A recent survey found that that 44.4% of Americans live in fear of a terrorist attack. This won’t come as a surprise to anyone given the incessant sensationalism of the mainstream media, but is the fear justified? The short answer is no. Terrorist attacks are without a doubt horrific and tragic events, but ultimately, are not worth worrying about.
Let’s get some perspective: Despite the fact that the Western war machine is creating new terrorists every day, you are still statistically more likely to die on your way to work tomorrow than perish in a Jihadist bomb plot. In 2010, 13,000 people worldwide died from terrorist attacks. It’s a relatively small number, especially considering that in Britain alone, 17,000 people died from avoidable accidents in 2010. According to an in-depth analysis by The Guardian, these deaths included accidental hangings, falls, suffocation, lightning strikes and other natural events, choking on food, and drowning in the bath.
According to Our World In Data:
‘Despite the intense media focus on terrorist activity around the world, the numbers of people actually killed by terrorist attacks has remained low. Terrorism only killed 13,000 in 2010, a relatively low number when compared with other types of violent death, namely armed conflict and interpersonal violence.’

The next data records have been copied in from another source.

text \<open>If the top bid is strict, the last player can slip in between the first two and get
  slot 2 at price b p1; in an equilibrium this (if affordable) is not profitable.\<close>
lemma bosp_nash_overtake_runner_up:
  assumes "bosp_nash 2 3 th v B prio b g" "bosp_order3 prio b p0 p1 p2"
    and "b p1 < b p0" "th 2 * b p1 \<le> B p2"
  shows "th 2 * (v p2 - b p1) \<le> 0"
proof -
  define b' where "b' = b(p2 := (b p0 + b p1) / 2)"
  have o: "bosp_order3 prio b' p0 p2 p1"
    using assms(2,3) unfolding bosp_order3_def b'_def by (auto simp: precedes_def)
  then have "bosp_utility 2 3 th v B prio b' g p2 = ereal (th 2 * (v p2 - b p1))"
    using assms(2,4) bosp_order3_utility(2)[OF o, of th v B g] by (simp add: b'_def bosp_order3_def)
  moreover have "(b p0 + b p1) / 2 \<ge> 0"
    using assms(2) bosp_nash_bids_nonneg[OF assms(1)] by (auto simp: bosp_order3_def)
  ultimately have "ereal (th 2 * (v p2 - b p1)) \<le> 0"
    using bosp_nash_deviation[OF assms(1), of p2 "(b p0 + b p1) / 2"]
      bosp_order3_utility(3)[OF assms(2)] assms(2)
    by (simp add: b'_def bosp_order3_def)
  then show ?thesis by simp
qed

definition ex_ctr :: "nat \<Rightarrow> real" where "ex_ctr j = (if j = 1 then 2 else 1)"
definition ex_value :: "nat \<Rightarrow> real" where "ex_value i = 100"
definition ex_budget :: "nat \<Rightarrow> real" where "ex_budget i = 3 + real i"

lemma ex_valid_setting: "valid_setting 2 3 ex_ctr ex_value ex_budget id"
  unfolding valid_setting_def by (auto simp add: ex_ctr_def ex_value_def ex_budget_def inj_on_def)

text \<open>In an equilibrium of the example the two top bids cannot tie: the runner-up would then
  rather overtake the leader, unless it cannot afford slot 1 at the leader's price; but the
  leader can, so the runner-up would have the smaller budget, i.e. the larger index, and
  then the tie would have been broken in its favour.\<close>
lemma ex_nash_no_tie_at_top:
  assumes ne: "bosp_nash 2 3 ex_ctr ex_value ex_budget id b g" and o: "bosp_order3 id b p0 p1 p2"
  shows "b p1 < b p0"
proof (rule ccontr)
  assume "\<not> b p1 < b p0"
  have p: "p0 < 3" "p1 < 3" "p2 < 3" "distinct [p0, p1, p2]"
    "precedes id b p0 p1" "precedes id b p0 p2"
    using o precedes_trans by (auto simp: bosp_order3_def)
  then have tie: "b p1 = b p0" and "p0 < p1"
    using \<open>\<not> b p1 < b p0\<close> by (auto simp: precedes_def)
  have lead: "2 * b p0 \<le> 3 + real p0"
    using bosp_nash_leader_budget[OF ex_valid_setting ne o] tie
    by (simp add: ex_ctr_def ex_budget_def)
  have "0 \<le> b p2" using bosp_nash_bids_nonneg[OF ne p(3)] .
  then have current: "bosp_utility 2 3 ex_ctr ex_value ex_budget id b g p1 \<le> 100"
    using bosp_order3_utility(2)[OF o] by (simp add: ex_ctr_def ex_value_def)
  have "\<not> 2 * b p0 \<le> 3 + real p1"
  proof
    assume "2 * b p0 \<le> 3 + real p1"
    then have "ereal (2 * (100 - b p0)) \<le> bosp_utility 2 3 ex_ctr ex_value ex_budget id b g p1"
      using bosp_nash_overtake_leader[OF ne p(4) p(1,2,3) p(5,6)]
      by (simp add: ex_ctr_def ex_value_def ex_budget_def)
    also note current
    finally show False using lead p(1) by simp
  qed
  with lead \<open>p0 < p1\<close> show False by simp
qed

Statistics also show a clear correlation between increased terrorist risk and the War On Terror. Before 9/11, South American countries topped the charts, with Colombia ranked #1 (8.8% of all worldwide terrorist attacks happened there). It was followed closely by Peru and El Salvador, while separatist militants in Europe (the IRA in Northern Ireland and ETA in Spain, with 5.13% and 4.14% respectively) was also far more common than any plots linked to the Middle East.

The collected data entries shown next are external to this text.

(* Let $q=2^t$. Let $r+I\in\ker\pi_{P_1}\cap C_k(P,L)$, let $r^*\in R_P^*$ be its representative, and write $r^*=(1+x_3^{q-1})h$ with $h\in R_P^*$ not involving $x_3$. Then $h$ is a $k$-linear combination of the constant $1$ and the $q$ monomials $g_0g_1^2g_2^4\cdots g_{t-1}^{2^{t-1}}$ with each $g_i\in\{x_1,x_2\}$.
   Context: Let $k=\mathbb{F}_q$, $q=2^t$, $V=k^4$ with coordinates $x_0,\dots,x_3$ relative to a symplectic basis $e_0,\dots,e_3$ of a nonsingular alternating form with $(e_0,e_3)=(e_1,e_2)=1$; $P$ the points (1-dim subspaces) and $L$ the totally isotropic 2-dim subspaces (lines). $R=k[x_0,\dots,x_3]$, $I=(x_i^q-x_i)_{i}$. $R_P^*$ is the $k$-span of monomials $x_0^{m_0}\cdots x_3^{m_3}$ with $0\le m_i\le q-1$ and $\sum m_i$ divisible by $q-1$; $R_P=\{f+I:f\in R_P^*\}$, identified with functions $P\to k$ by evaluation at nonzero vectors. For a line $\ell$, $\delta_\ell^*\in R_P^*$ is the polynomial representing the characteristic function of $\ell$, and $C_k(P,L)$ is the $k$-span of $\{\delta_\ell^*+I:\ell\in L\}$. $P_1$ is the set of points with $x_3$-coordinate nonzero and $\pi_{P_1}$ is restriction of functions to $P_1$. *)

theory Defs
  imports Main
begin

text \<open>Vectors of V = k^4 are functions nat => k vanishing outside {0..3};
  monomials x0^m0...x3^m3 are exponent functions m :: nat => nat vanishing outside {0..3};
  a polynomial is its coefficient function (monomial => k).\<close>

definition Vec :: "(nat \<Rightarrow> 'k::field) set" where
  "Vec = {v. \<forall>i\<ge>4. v i = 0}"

definition Mon :: "nat \<Rightarrow> (nat \<Rightarrow> nat) set" where
  "Mon q = {m. (\<forall>i<4. m i < q) \<and> (\<forall>i\<ge>4. m i = 0)}"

Before the War On Terror began, Iraq didn’t figure in this list at all. Between 2001 and 2008, it moved to first place with 25.77% of all terrorist attacks taking place there. Afghanistan, Pakistan and Israel are other countries that were not at high risk of terrorism before 9/11, but now have a significant problem. As Our World In Data reports:
‘Terrorism pre-9/11 was concentrated in Latin America and Asia, but shifted to the Middle East post-9/11. Peru, Chile and El Salvador completely disappear from the top 10. More than a quarter of all terrorist attacks between 9/11 and 2008 took place in Iraq.’

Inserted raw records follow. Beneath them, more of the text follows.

lemma multisun: "multisun V E"
  unfolding multisun_def
proof (intro conjI exI[of _ ws])
  show "odd (card V)" using cycle_odd_length distinct_card[OF cycle_distinct] spanning by simp
  show "\<forall>K. maximal_clique V E K \<and> card K \<noteq> 2 \<longrightarrow>
      (\<forall>u\<in>K. \<forall>v\<in>K. u \<noteq> v \<longrightarrow> {u, v} \<notin> cycle_edges ws)"
    using inscribed_clique_avoids_rim by blast
qed (use diamond_free cycle_distinct spanning cycle_length_ge_3 rim_subset
    pair_maximal_cliques_eq_rim in auto)

lemma induced_odd_hole_spanning:
  assumes F: "F \<subseteq> E"
      "\<And>x y z. {x, y} \<in> F \<Longrightarrow> adj E x z \<Longrightarrow> adj E y z \<Longrightarrow> {x, z} \<in> F \<and> {y, z} \<in> F"
    and S: "S \<subseteq> V" "odd_hole S (induced_edges F S)"
  obtains hs where "distinct hs" "set hs = V" "5 \<le> length hs" "induced_edges F V = cycle_edges hs"
proof -
  obtain hs where hs: "distinct hs" "set hs = S" "5 \<le> length hs" "odd (length hs)"
    "induced_edges F S = cycle_edges hs"
    using S(2) unfolding odd_hole_def by blast
  have "odd_clique_cycle V E hs" by (rule hole_odd_clique_cycle[OF graph S(1) hs F])
  then have "S = V" using critical hs(2) by blast
  then show thesis using that hs by blast
qed

lemma contains_odd_hole_imp_odd_hole:
  assumes "contains_odd_hole V E"
  shows "odd_hole V E"
proof -
  obtain S where S: "S \<subseteq> V" "odd_hole S (induced_edges E S)"
    using assms unfolding contains_odd_hole_def by blast
  have closed: "{x, z} \<in> E \<and> {y, z} \<in> E" if "adj E x z" "adj E y z" for x y z
    using that unfolding adj_def by blast
  obtain hs where "distinct hs" "set hs = V" "5 \<le> length hs" "induced_edges E V = cycle_edges hs"
    by (rule induced_odd_hole_spanning[OF subset_refl closed S])
  moreover have "odd (length hs)"
    using calculation cycle_odd_length cycle_distinct spanning distinct_card by metis
  ultimately show ?thesis unfolding odd_hole_def graph_induced_edges_self[OF graph] by blast
qed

‘An important question is whether the global campaign against terrorism, known as the War on Terror, has made us any safer. Many commentators argue that the War on Terror has had the perverse effect of making us less safe, with some going as far as claiming the War on Terror is the leading cause of terrorism.’
It goes on: ‘Richard Clarke, a counter-terrorism expert that worked in the US National Security Council between 1992–2003, was highly critical of the Bush administration’s counter-terrorism strategy and the decision to invade Iraq.’
“Far from addressing the popular appeal of the enemy that attacked us, Bush handed that enemy precisely what it wanted and needed, proof that America was at war with Islam, that we were the new Crusaders come to occupy Muslim land.”
Following the UK’s decision last night to join French and US airstrikes in Syria, we would all do well to remember why bombing terrorists is completely counter-productive. In light of these illuminating statistics, we should also question the media’s obsessive fear-mongering in the face of what is statistically a very small threat indeed.